◆ **Problem description**: Counting task for the entries below: give the number of lines that contain the word "given", with no other text.

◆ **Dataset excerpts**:
>>>>

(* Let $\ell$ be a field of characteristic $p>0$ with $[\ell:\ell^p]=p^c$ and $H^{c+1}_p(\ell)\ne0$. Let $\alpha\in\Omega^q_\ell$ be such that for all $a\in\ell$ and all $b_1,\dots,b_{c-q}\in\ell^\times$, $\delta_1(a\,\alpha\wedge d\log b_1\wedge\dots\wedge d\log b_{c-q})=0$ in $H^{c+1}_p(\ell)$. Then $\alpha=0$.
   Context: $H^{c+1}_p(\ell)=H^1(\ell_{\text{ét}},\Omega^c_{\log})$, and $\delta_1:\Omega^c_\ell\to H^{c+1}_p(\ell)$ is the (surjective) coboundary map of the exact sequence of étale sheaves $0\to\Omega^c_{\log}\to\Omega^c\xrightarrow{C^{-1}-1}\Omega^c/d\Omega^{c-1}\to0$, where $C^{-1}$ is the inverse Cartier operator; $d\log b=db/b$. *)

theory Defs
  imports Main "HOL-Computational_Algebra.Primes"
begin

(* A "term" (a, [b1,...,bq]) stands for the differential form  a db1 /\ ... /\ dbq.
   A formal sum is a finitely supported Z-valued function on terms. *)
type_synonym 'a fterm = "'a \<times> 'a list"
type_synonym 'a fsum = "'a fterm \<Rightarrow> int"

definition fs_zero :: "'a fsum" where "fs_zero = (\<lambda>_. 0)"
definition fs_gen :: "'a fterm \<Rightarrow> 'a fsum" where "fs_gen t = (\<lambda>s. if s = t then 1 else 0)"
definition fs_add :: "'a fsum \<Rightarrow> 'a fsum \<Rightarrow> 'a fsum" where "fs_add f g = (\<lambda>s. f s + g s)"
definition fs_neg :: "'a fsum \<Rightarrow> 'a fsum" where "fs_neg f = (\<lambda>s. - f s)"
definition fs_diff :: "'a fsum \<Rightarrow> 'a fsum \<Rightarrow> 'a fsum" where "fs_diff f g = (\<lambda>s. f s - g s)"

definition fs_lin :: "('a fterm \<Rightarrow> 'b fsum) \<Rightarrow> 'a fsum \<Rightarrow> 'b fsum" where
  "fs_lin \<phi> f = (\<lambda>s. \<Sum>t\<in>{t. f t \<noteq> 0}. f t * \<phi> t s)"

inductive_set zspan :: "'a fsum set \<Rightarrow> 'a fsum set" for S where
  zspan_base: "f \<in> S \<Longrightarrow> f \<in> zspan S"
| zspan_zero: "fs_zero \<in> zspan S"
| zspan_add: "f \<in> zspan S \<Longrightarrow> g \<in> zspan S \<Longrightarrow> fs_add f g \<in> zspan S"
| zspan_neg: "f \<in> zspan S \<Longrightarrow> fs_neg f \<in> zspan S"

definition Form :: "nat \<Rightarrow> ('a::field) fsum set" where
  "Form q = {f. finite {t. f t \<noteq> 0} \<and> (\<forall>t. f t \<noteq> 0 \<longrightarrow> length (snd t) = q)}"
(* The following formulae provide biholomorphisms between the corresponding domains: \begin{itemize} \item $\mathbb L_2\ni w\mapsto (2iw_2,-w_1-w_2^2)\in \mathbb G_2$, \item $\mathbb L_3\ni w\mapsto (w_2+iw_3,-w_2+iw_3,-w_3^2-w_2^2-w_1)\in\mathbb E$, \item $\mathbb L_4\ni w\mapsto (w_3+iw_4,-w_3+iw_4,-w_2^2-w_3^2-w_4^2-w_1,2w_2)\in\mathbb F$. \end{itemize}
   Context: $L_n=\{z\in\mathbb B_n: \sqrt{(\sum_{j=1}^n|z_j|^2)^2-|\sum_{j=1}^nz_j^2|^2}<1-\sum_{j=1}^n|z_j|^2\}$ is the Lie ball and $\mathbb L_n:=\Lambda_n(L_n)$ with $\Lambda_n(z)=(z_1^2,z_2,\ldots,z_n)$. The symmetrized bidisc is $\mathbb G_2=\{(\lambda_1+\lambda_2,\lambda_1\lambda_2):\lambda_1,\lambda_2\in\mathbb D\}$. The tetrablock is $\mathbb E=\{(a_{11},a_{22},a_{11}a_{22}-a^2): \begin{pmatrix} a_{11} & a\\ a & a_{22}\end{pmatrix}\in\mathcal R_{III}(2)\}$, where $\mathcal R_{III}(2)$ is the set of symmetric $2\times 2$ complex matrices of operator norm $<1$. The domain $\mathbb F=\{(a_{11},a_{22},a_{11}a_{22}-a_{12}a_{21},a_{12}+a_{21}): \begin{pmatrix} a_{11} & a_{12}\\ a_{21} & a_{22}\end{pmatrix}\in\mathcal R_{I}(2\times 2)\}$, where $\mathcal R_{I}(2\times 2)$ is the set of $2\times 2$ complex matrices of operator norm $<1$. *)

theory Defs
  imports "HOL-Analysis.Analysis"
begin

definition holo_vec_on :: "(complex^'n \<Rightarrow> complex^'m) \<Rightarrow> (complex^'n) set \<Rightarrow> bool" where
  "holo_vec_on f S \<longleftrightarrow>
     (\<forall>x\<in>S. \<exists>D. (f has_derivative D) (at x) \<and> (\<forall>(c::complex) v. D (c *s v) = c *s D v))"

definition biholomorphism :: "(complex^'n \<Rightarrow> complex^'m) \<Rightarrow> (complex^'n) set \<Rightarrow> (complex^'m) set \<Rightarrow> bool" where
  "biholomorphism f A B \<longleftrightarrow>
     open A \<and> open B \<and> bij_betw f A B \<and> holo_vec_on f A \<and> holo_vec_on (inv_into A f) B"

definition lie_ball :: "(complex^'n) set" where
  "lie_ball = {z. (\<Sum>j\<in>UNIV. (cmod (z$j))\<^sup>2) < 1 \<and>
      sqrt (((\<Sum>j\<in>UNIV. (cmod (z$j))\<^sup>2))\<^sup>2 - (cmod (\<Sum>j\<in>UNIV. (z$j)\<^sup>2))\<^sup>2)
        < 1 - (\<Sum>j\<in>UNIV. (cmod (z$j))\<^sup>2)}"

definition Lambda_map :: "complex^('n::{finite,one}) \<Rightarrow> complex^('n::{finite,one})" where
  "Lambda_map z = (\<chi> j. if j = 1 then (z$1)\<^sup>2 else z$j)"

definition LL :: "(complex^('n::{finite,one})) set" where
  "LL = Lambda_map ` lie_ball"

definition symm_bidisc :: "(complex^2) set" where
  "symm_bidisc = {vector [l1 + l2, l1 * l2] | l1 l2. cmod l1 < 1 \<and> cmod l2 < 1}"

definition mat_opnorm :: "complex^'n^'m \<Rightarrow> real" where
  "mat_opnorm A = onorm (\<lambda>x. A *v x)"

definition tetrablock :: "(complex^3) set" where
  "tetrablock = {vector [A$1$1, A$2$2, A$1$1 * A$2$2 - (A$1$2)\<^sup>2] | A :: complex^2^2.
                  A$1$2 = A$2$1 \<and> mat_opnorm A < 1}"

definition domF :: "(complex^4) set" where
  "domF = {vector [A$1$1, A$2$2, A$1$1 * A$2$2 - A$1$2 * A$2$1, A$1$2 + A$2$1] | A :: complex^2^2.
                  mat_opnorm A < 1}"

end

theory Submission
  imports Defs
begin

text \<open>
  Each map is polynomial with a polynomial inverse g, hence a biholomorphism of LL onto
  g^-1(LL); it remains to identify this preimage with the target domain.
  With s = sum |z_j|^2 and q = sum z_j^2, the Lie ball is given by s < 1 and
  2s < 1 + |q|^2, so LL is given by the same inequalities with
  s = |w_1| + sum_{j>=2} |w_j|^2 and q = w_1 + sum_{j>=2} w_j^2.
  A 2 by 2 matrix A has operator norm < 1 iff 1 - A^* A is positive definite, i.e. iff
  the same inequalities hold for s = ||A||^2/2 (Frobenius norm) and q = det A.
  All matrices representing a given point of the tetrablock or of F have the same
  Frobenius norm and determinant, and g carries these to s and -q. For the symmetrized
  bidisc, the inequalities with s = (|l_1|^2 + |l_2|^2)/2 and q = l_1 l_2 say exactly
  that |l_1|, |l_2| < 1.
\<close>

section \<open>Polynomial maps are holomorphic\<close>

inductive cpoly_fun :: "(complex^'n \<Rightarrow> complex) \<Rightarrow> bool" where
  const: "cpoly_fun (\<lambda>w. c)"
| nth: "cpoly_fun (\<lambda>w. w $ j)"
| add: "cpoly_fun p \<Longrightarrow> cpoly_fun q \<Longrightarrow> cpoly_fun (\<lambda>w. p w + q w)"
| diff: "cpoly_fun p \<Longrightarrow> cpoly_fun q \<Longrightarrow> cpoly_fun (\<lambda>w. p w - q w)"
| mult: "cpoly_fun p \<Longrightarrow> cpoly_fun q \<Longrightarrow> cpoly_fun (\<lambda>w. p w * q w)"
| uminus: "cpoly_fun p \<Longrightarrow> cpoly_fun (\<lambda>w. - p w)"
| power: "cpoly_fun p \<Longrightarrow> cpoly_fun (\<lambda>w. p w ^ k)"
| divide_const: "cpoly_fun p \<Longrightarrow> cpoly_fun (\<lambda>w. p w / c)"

<<<<

◆ **Answer for this exercise**: 3